Fall Semester
Autonomous Exploration
Autonomous exploration was highly unreliable right until the FVD Encore. We could not demonstrate it during both the FVD and FVD Encore. The local planner wasn’t reliable. It would often run into obstacles or get stuck because no feasible paths were found.
Within 24 hours after the FVD Encore, we achieved repeatability in autonomy. We replaced the local planner and wrote a position controller and active waypoint filter. With these simple but smartly implemented algorithms, the autonomous exploration worked almost every time. It finally looked convincing and had a strong element of repeatability. We also implemented a safety framework where the robot would halt if the waypoint or velocity commands weren’t confident. The robot also needs the operator to publish an “allowed-to-move” signal at all times to keep moving.
Through this series of implementations, we met nearly all our performance, functional, and non-functional requirements. We scheduled a Final Validation Demonstration (Not-an-fvd) after the FVD Encore and demonstrated that we met these requirements. We demonstrated the safety features and demonstrated that the operator could pause and resume the autonomous exploration at will, and override the autonomy by using the joystick controller. We met the exploration rate in our performance requirements, the clutterness requirement, and the narrow door criterion. We also closed the circle on the other non-functional requirements. Our robot system was light enough to be carried around in disaster settings, narrow enough to enter small spaces, and not hazardous to the victims or first-responders in any form.
Human Detection
The Human Detection System, utilizing YOLOv8 for detecting and localizing humans, exhibits both strengths and areas for improvement. Its primary strength is its ability to reliably detect and localize humans within given frames, a capability vital for applications where accurate human recognition is crucial for safety and operational efficiency.
However, the system’s performance heavily relies on the image transmission rate, which presents a notable weakness. The dependence on UDP packets from the RealSense camera introduces a vulnerability; if these packets are lost during transmission, YOLOv8 fails to detect anything. This can lead to detection gaps and potentially compromise the system’s reliability in critical situations.

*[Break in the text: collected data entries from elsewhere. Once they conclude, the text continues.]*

(* Suppose $J^d_\mu$ takes the same value for all $d\in\mathcal D$. Then a policy $d\in\mathcal D$, with quantities $(\mathbf P,\mathbf r,J_\mu,\mathbf g)$, satisfies $J^d_{\mu,\sigma}=\max_{d''\in\mathcal D}J^{d''}_{\mu,\sigma}$ if and only if for every $d'\in\mathcal D$ with $(\mathbf P',\mathbf r')$, $$\sum_{j\in\mathcal S}p'(i,j)g(j)+r'(i)-\beta(r'(i)-J_\mu)^2\ \le\ \sum_{j\in\mathcal S}p(i,j)g(j)+r(i)-\beta(r(i)-J_\mu)^2\qquad\text{for all } i\in\mathcal S.$$
   Context: Let $\mathcal S=\{1,\dots,S\}$ be a finite state space and $\mathcal A$ a finite action set. For $i,j\in\mathcal S$, $a\in\mathcal A$, let $p^a(i,j)\ge 0$ with $\sum_{j}p^a(i,j)=1$ be transition probabilities and $r(i,a)\in\mathbb R$ rewards. A deterministic stationary policy is a map $d:\mathcal S\to\mathcal A$; $\mathcal D$ denotes the set of such policies. Under $d$, $\mathbf P^d$ is the matrix with entries $p(i,j)=p^{d(i)}(i,j)$ and $\mathbf r^d$ the vector with entries $r(i)=r(i,d(i))$. Standing assumption: for every $d\in\mathcal D$ the chain with transition matrix $\mathbf P^d$ is irreducible, so it has a unique stationary distribution $\boldsymbol\pi^d$ (row vector, $\boldsymbol\pi^d\mathbf P^d=\boldsymbol\pi^d$, $\boldsymbol\pi^d\mathbf 1=1$) with all entries strictly positive. Define $J^d_\mu=\boldsymbol\pi^d\mathbf r^d$, $J^d_\sigma=\sum_i\pi^d(i)(r(i,d(i))-J^d_\mu)^2$, and for fixed $\beta>0$, $J^d_{\mu,\sigma}=J^d_\mu-\beta J^d_\sigma=\boldsymbol\pi^d\mathbf f^d$ with $f^d(i)=r(i,d(i))-\beta(r(i,d(i))-J^d_\mu)^2$. The performance potential $\mathbf g^d$ is any solution of $\mathbf g^d=\mathbf f^d-J^d_{\mu,\sigma}\mathbf 1+\mathbf P^d\mathbf g^d$ (unique up to an additive constant vector). *)

theory Defs
  imports Main "HOL.Real"
begin

text \<open>MDP with finite state type 's and finite action type 'a.
  p a i j = transition probability from i to j under action a; r i a = reward.
  Deterministic stationary policies are the functions d :: 's \<Rightarrow> 'a.\<close>

definition stochastic :: "('a \<Rightarrow> 's::finite \<Rightarrow> 's \<Rightarrow> real) \<Rightarrow> bool" where
  "stochastic p \<longleftrightarrow> (\<forall>a i j. p a i j \<ge> 0) \<and> (\<forall>a i. (\<Sum>j\<in>UNIV. p a i j) = 1)"

definition irreducible_policy :: "('a \<Rightarrow> 's \<Rightarrow> 's \<Rightarrow> real) \<Rightarrow> ('s \<Rightarrow> 'a) \<Rightarrow> bool" where
  "irreducible_policy p d \<longleftrightarrow> (\<forall>i j. (i, j) \<in> {(x, y). p (d x) x y > 0}\<^sup>*)"

definition is_stat_dist :: "('a \<Rightarrow> 's::finite \<Rightarrow> 's \<Rightarrow> real) \<Rightarrow> ('s \<Rightarrow> 'a) \<Rightarrow> ('s \<Rightarrow> real) \<Rightarrow> bool" where
  "is_stat_dist p d \<pi> \<longleftrightarrow> (\<forall>j. (\<Sum>i\<in>UNIV. \<pi> i * p (d i) i j) = \<pi> j) \<and> (\<Sum>i\<in>UNIV. \<pi> i) = 1"

text \<open>The (unique, under irreducibility) stationary distribution \<pi>^d.\<close>
definition stat_dist :: "('a \<Rightarrow> 's::finite \<Rightarrow> 's \<Rightarrow> real) \<Rightarrow> ('s \<Rightarrow> 'a) \<Rightarrow> 's \<Rightarrow> real" where
  "stat_dist p d = (THE \<pi>. is_stat_dist p d \<pi>)"

definition J_mu :: "('a \<Rightarrow> 's::finite \<Rightarrow> 's \<Rightarrow> real) \<Rightarrow> ('s \<Rightarrow> 'a \<Rightarrow> real) \<Rightarrow> ('s \<Rightarrow> 'a) \<Rightarrow> real" where
  "J_mu p r d = (\<Sum>i\<in>UNIV. stat_dist p d i * r i (d i))"

definition f_ms :: "('a \<Rightarrow> 's::finite \<Rightarrow> 's \<Rightarrow> real) \<Rightarrow> ('s \<Rightarrow> 'a \<Rightarrow> real) \<Rightarrow> real \<Rightarrow> ('s \<Rightarrow> 'a) \<Rightarrow> 's \<Rightarrow> real" where
  "f_ms p r \<beta> d i = r i (d i) - \<beta> * (r i (d i) - J_mu p r d)\<^sup>2"

definition J_ms :: "('a \<Rightarrow> 's::finite \<Rightarrow> 's \<Rightarrow> real) \<Rightarrow> ('s \<Rightarrow> 'a \<Rightarrow> real) \<Rightarrow> real \<Rightarrow> ('s \<Rightarrow> 'a) \<Rightarrow> real" where
  "J_ms p r \<beta> d = (\<Sum>i\<in>UNIV. stat_dist p d i * f_ms p r \<beta> d i)"

definition is_potential :: "('a \<Rightarrow> 's::finite \<Rightarrow> 's \<Rightarrow> real) \<Rightarrow> ('s \<Rightarrow> 'a \<Rightarrow> real) \<Rightarrow> real \<Rightarrow> ('s \<Rightarrow> 'a) \<Rightarrow> ('s \<Rightarrow> real) \<Rightarrow> bool" where
  "is_potential p r \<beta> d g \<longleftrightarrow>
     (\<forall>i. g i = f_ms p r \<beta> d i - J_ms p r \<beta> d + (\<Sum>j\<in>UNIV. p (d i) i j * g j))"

end

theory Submission imports Defs "HOL-Analysis.Analysis" begin

text \<open>The stationary distribution of every policy is strictly positive (Brouwer gives
  existence, irreducibility gives positivity and uniqueness). Averaging the potential
  equation of \<open>d\<close> against \<open>\<pi>\<^sup>e\<close> yields the performance difference formula
  \<open>J\<^sup>e - J\<^sup>d = \<Sum>\<^sub>i \<pi>\<^sup>e(i) (A(i, e i) - A(i, d i))\<close>, where \<open>A\<close> is the left- or right-hand
  side of the optimality inequality; this uses that \<open>J\<^sub>\<mu>\<close> does not depend on the policy.
  Since the weights are positive and \<open>A(i, e i)\<close> depends only on the action at \<open>i\<close>,
  \<open>d\<close> is optimal iff no single state can be improved.\<close>

lemma stochastic_matrix_has_stationary:
  fixes P :: "'s::finite \<Rightarrow> 's \<Rightarrow> real"
  assumes nonneg: "\<And>i j. P i j \<ge> 0" and rows: "\<And>i. (\<Sum>j\<in>UNIV. P i j) = 1"
  obtains \<pi> where "\<And>i. \<pi> i \<ge> 0" "\<And>j. (\<Sum>i\<in>UNIV. \<pi> i * P i j) = \<pi> j"
    "(\<Sum>i\<in>UNIV. \<pi> i) = 1"
proof -
  define S where "S = {x::real^'s. (\<forall>i. 0 \<le> x$i) \<and> (\<Sum>i\<in>UNIV. x$i) = 1}"
  define f where "f = (\<lambda>x::real^'s. \<chi> j. \<Sum>i\<in>UNIV. x$i * P i j)"
  have "closed S"
  proof -
    have "S = {x::real^'s. \<forall>i. 0 \<le> x$i} \<inter> {x. (\<Sum>i\<in>UNIV. x$i) = 1}"
      unfolding S_def by auto
    moreover have "closed {x::real^'s. (\<Sum>i\<in>UNIV. x$i) = 1}"
      by (intro closed_Collect_eq continuous_intros)
    ultimately show ?thesis using closed_positive_orthant closed_Int by metis
  qed
  moreover have "S \<subseteq> cbox 0 1"
  proof
    fix x assume x: "x \<in> S"
    have "x$i \<le> (\<Sum>k\<in>UNIV. x$k)" for i
      using x unfolding S_def by (intro member_le_sum) auto
    then show "x \<in> cbox 0 1" using x unfolding S_def by (auto simp: mem_box_cart)
  qed
  ultimately have "compact S"
    by (meson bounded_cbox bounded_subset compact_eq_bounded_closed)
  moreover have "convex S"
  proof (rule convexI)
    fix x y :: "real^'s" and u v :: real
    assume "x \<in> S" "y \<in> S" "0 \<le> u" "0 \<le> v" "u + v = 1"
    moreover have "(\<Sum>i\<in>UNIV. (u *\<^sub>R x + v *\<^sub>R y)$i) = u * (\<Sum>i\<in>UNIV. x$i) + v * (\<Sum>i\<in>UNIV. y$i)"
      by (simp add: sum.distrib sum_distrib_left)
    ultimately show "u *\<^sub>R x + v *\<^sub>R y \<in> S" unfolding S_def by simp
  qed
  moreover have "(\<chi> i. 1 / real CARD('s)) \<in> S" unfolding S_def by auto
  moreover have "continuous_on S f" unfolding f_def by (intro continuous_intros)
  moreover have "f \<in> S \<rightarrow> S"
  proof
    fix x assume x: "x \<in> S"
    have "(\<Sum>j\<in>UNIV. \<Sum>i\<in>UNIV. x$i * P i j) = (\<Sum>i\<in>UNIV. x$i * (\<Sum>j\<in>UNIV. P i j))"
      by (subst sum.swap) (simp add: sum_distrib_left)
    then show "f x \<in> S" using x nonneg rows unfolding S_def f_def
      by (auto intro!: sum_nonneg)
  qed
  ultimately obtain x where "x \<in> S" "f x = x" using brouwer by blast
  then show ?thesis using that[of "\<lambda>i. x$i"] unfolding S_def f_def by (auto simp: vec_eq_iff)
qed

text \<open>Mass flowing into a state with no mass must come from states with no mass.\<close>

lemma irreducible_invariant_vanishes:
  fixes w :: "'s::finite \<Rightarrow> real"
  assumes nonneg: "\<And>i j. P i j \<ge> 0"
    and irred: "\<And>i j. (i, j) \<in> {(x, y). P x y > 0}\<^sup>*"
    and invariant: "\<And>j. (\<Sum>i\<in>UNIV. w i * P i j) = w j"
    and w_nonneg: "\<And>i. w i \<ge> 0" and w_zero: "w k = 0"
  shows "w i = 0"
  using irred[of i k]
proof (induction rule: converse_rtrancl_induct)
  case base
  then show ?case using w_zero .
next
  case (step a y)
  then have "(\<Sum>x\<in>UNIV. w x * P x y) = 0" using invariant[of y] by simp
  then have "w a * P a y = 0"
    by (simp add: sum_nonneg_eq_0_iff w_nonneg nonneg)
  with step(1) show ?case by auto
qed

lemma irreducible_stationary_pos:
  fixes \<pi> :: "'s::finite \<Rightarrow> real"
  assumes nonneg: "\<And>i j. P i j \<ge> 0"
    and irred: "\<And>i j. (i, j) \<in> {(x, y). P x y > 0}\<^sup>*"
    and invariant: "\<And>j. (\<Sum>i\<in>UNIV. \<pi> i * P i j) = \<pi> j"
    and \<pi>_nonneg: "\<And>i. \<pi> i \<ge> 0" and \<pi>_sum: "(\<Sum>i\<in>UNIV. \<pi> i) = 1"
  shows "\<pi> i > 0"
proof (rule ccontr)
  assume "\<not> \<pi> i > 0"
  then have "\<pi> i = 0" using \<pi>_nonneg[of i] by linarith
  then have "\<pi> k = 0" for k
    using irreducible_invariant_vanishes[OF nonneg irred invariant \<pi>_nonneg] by blast
  then show False using \<pi>_sum by simp
qed

text \<open>With \<open>c = min\<^sub>i v(i)/\<pi>(i)\<close>, the invariant vector \<open>v - c \<pi>\<close> is nonnegative and vanishes
  somewhere, hence everywhere.\<close>

lemma irreducible_stationary_unique:
  fixes \<pi> v :: "'s::finite \<Rightarrow> real"
  assumes nonneg: "\<And>i j. P i j \<ge> 0"
    and irred: "\<And>i j. (i, j) \<in> {(x, y). P x y > 0}\<^sup>*"
    and \<pi>_invariant: "\<And>j. (\<Sum>i\<in>UNIV. \<pi> i * P i j) = \<pi> j"
    and \<pi>_pos: "\<And>i. \<pi> i > 0" and \<pi>_sum: "(\<Sum>i\<in>UNIV. \<pi> i) = 1"
    and v_invariant: "\<And>j. (\<Sum>i\<in>UNIV. v i * P i j) = v j" and v_sum: "(\<Sum>i\<in>UNIV. v i) = 1"
  shows "v = \<pi>"
proof -
  define c where "c = Min ((\<lambda>i. v i / \<pi> i) ` UNIV)"
  have "c \<in> (\<lambda>i. v i / \<pi> i) ` UNIV" unfolding c_def by (rule Min_in) auto
  then obtain k where k: "c = v k / \<pi> k" by blast
  define w where "w = (\<lambda>i. v i - c * \<pi> i)"
  have "w i \<ge> 0" for i
  proof -
    have "c \<le> v i / \<pi> i" unfolding c_def by (rule Min_le) auto
    then show ?thesis using \<pi>_pos[of i] unfolding w_def by (simp add: field_simps)
  qed
  moreover have "w k = 0" using k \<pi>_pos[of k] unfolding w_def by simp
  moreover have "(\<Sum>i\<in>UNIV. w i * P i j) = w j" for j
  proof -
    have "(\<Sum>i\<in>UNIV. w i * P i j) = (\<Sum>i\<in>UNIV. v i * P i j) - c * (\<Sum>i\<in>UNIV. \<pi> i * P i j)"
      unfolding w_def by (simp add: left_diff_distrib sum_subtractf sum_distrib_left mult.assoc)
    then show ?thesis using v_invariant[of j] \<pi>_invariant[of j] unfolding w_def by simp
  qed
  ultimately have "w i = 0" for i
    using irreducible_invariant_vanishes[OF nonneg irred] by blast
  then have v: "v = (\<lambda>i. c * \<pi> i)" unfolding w_def by auto
  then have "c = 1" using v_sum \<pi>_sum by (simp add: sum_distrib_left[symmetric])
  with v show ?thesis by simp
qed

An improvement in image transmission is essential to enhance the system’s robustness. Ensuring secure and stable transmission of image data would guarantee consistent receipt of necessary information by YOLOv8, thereby maintaining the system’s detection capabilities. The team has explored several solutions to improve image transmission speed, including using an Ethernet connection, switching to the 5G channel of the router, and running the human detection program directly inside the payload. However, the speed of image frame transmission remains sporadic. For future improvements, implementing measures such as packet loss recovery or a more reliable transmission protocol could mitigate this risk, leading to a more dependable and effective human detection system.
Spring Semester
Human Detection
Previously, we tested our system with Dragoon’s RGB dataset, but it doesn’t fit our use case because of the low light condition. To further test the human detection system, our team build up a 500 image dataset. We took a video of humans staying 5 meter and 3 meter away from the robot. Making different postures and hiding behind chair and wood board. We skipped the images that are easy to detect, and handpicked frames that look challenging for testing, as shown in figure 1. Our system reaches 80% precision with the 200 images taken 3 meters away from human. And it reaches 70% precision with the 300 images taken 5 meters away from human.

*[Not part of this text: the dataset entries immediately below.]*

(* Let $d\geqslant1$, let $u_1,\dots,u_d\in\mathbb{Z}^d$ satisfy no nontrivial $\mathbb{Z}$-linear relation, let $\mathcal{L}=\mathbb{Z}u_1+\dots+\mathbb{Z}u_d$ and $P=\mathbb{N}u_1+\dots+\mathbb{N}u_d$. Then: (1) A subset $M\subseteq\mathbb{Z}^d$ is a complement of $P$ in $\mathbb{Z}^d$ if and only if for every coset $c$ of $\mathcal{L}$ in $\mathbb{Z}^d$ and every real number $N$ there exists $x\in M\cap c$ all of whose coordinates with respect to $u_1,\dots,u_d$ are $\leqslant N$. (2) $P$ has complements in $\mathbb{Z}^d$. (3) $P$ has no minimal complement in $\mathbb{Z}^d$. (4) No complement of $P$ in $\mathbb{Z}^d$ contains a minimal complement of $P$.
   Context: $\mathbb{N}=\{0,1,2,\dots\}$. Since $u_1,\dots,u_d$ form a $\mathbb{Q}$-basis of $\mathbb{Q}^d$, each $x\in\mathbb{Z}^d$ can be written uniquely as $x=t_1u_1+\dots+t_du_d$ with $t_i\in\mathbb{Q}$; the $t_i$ are its coordinates with respect to $u_1,\dots,u_d$. A nonempty set $M$ is a complement of $W$ in $\mathbb{Z}^d$ if $W+M=\mathbb{Z}^d$; it is minimal if no proper subset of $M$ is a complement of $W$. *)

theory Defs
  imports "HOL-Analysis.Analysis"
begin

text \<open>Z^d is modelled as int ^ 'n (d = CARD('n) >= 1, arbitrary).\<close>

definition sumset :: "'a::plus set \<Rightarrow> 'a set \<Rightarrow> 'a set" where
  "sumset A B = {a + b | a b. a \<in> A \<and> b \<in> B}"

definition is_complement :: "(int ^ 'n) set \<Rightarrow> (int ^ 'n) set \<Rightarrow> bool" where
  "is_complement W M \<longleftrightarrow> M \<noteq> {} \<and> sumset W M = UNIV"

definition minimal_complement :: "(int ^ 'n) set \<Rightarrow> (int ^ 'n) set \<Rightarrow> bool" where
  "minimal_complement W M \<longleftrightarrow> is_complement W M \<and> (\<forall>M'. M' \<subset> M \<longrightarrow> \<not> is_complement W M')"

definition Z_independent :: "('n::finite \<Rightarrow> int ^ 'n) \<Rightarrow> bool" where
  "Z_independent u \<longleftrightarrow> (\<forall>c :: 'n \<Rightarrow> int. (\<Sum>i\<in>UNIV. c i *s u i) = 0 \<longrightarrow> (\<forall>i. c i = 0))"

definition Z_span :: "('n::finite \<Rightarrow> int ^ 'n) \<Rightarrow> (int ^ 'n) set" where
  "Z_span u = {(\<Sum>i\<in>UNIV. c i *s u i) | c :: 'n \<Rightarrow> int. True}"

definition N_span :: "('n::finite \<Rightarrow> int ^ 'n) \<Rightarrow> (int ^ 'n) set" where
  "N_span u = {(\<Sum>i\<in>UNIV. int (c i) *s u i) | c :: 'n \<Rightarrow> nat. True}"

definition rat_vec :: "int ^ 'n \<Rightarrow> rat ^ 'n" where
  "rat_vec x = (\<chi> j. of_int (x $ j))"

In SVD, the performance of human detection reached its goal. The performance of human detection subsystem is shown in Fig.3 and Fig.4. The robot is placed 5m away from humans and almost all humans are successfully detected and the functional requirement was met. On the right side of Fig.4, Connie was standing behind Saha so she was missed by YOLO.
Gait Controller Test
We conducted a gait controller test to evaluate the Darkbot mobility system’s ability to traverse rough terrains. The test was manually controlled by a human operator, using our custom Darkbot controller software. Our goal was to meet the requirements outlined in section 4.1 PRM-3. During the demonstration, the system successfully climbed over the debris and maintained balance, as seen in Figure 5. The system’s performance met the maximum height and ruggedness requirements, indicating that it is capable of traversing challenging terrain. The test involved navigating through a 2m² space containing five wooden boards measuring 100cm x 30cm x 2cm and two wooden planks with a 20-degree incline. Despite the challenging conditions, the robot was able to achieve the 8 centimeter height requirement, demonstrating its ability to handle rough terrain.
Simulation Test
During the simulation test, we aimed to evaluate the Darkbot’s ability to perform complex tasks by introducing dozens of 2 centimeter cubes in a 2×2 meter squared area. The objective was to ensure that the robot could traverse over the blocks while maintaining balance, rather than simply avoiding the obstacles. Additionally, we created eight tracks (See Figure 6) with varying terrain settings, providing the audience with the option to select a track randomly for testing. One of the tracks included passing through a narrow door, which meets the 8 cm width requirement specified in section 4.1 PRM-4. The simulation test enabled us to thoroughly assess the Darkbot’s performance and ensure that it met the necessary requirements for operation in dynamic environments.